**Extracted data:**
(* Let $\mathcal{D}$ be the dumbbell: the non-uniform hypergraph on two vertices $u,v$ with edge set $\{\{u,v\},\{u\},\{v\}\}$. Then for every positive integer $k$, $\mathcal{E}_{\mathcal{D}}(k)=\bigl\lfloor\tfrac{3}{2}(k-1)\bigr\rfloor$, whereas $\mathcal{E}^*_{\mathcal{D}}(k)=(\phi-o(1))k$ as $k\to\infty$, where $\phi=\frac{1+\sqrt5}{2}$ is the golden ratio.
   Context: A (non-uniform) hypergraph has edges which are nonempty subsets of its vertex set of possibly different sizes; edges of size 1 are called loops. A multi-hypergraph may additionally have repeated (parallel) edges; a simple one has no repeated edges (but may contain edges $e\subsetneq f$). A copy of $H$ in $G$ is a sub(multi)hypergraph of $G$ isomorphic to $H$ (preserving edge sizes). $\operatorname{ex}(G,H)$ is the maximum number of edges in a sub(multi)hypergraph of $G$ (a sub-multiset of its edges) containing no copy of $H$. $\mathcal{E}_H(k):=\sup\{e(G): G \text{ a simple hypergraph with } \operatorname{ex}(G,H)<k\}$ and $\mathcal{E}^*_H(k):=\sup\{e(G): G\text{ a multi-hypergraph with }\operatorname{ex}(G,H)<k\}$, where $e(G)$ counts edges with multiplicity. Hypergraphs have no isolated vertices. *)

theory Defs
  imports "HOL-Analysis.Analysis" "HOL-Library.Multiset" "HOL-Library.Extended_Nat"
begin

**Task goal:** The answer must be an exact copy of the lines from the one containing "theory Defs" through the last line of the records, both included.

**Answer to this task:**
theory Defs
  imports "HOL-Analysis.Analysis" "HOL-Library.Multiset" "HOL-Library.Extended_Nat"
begin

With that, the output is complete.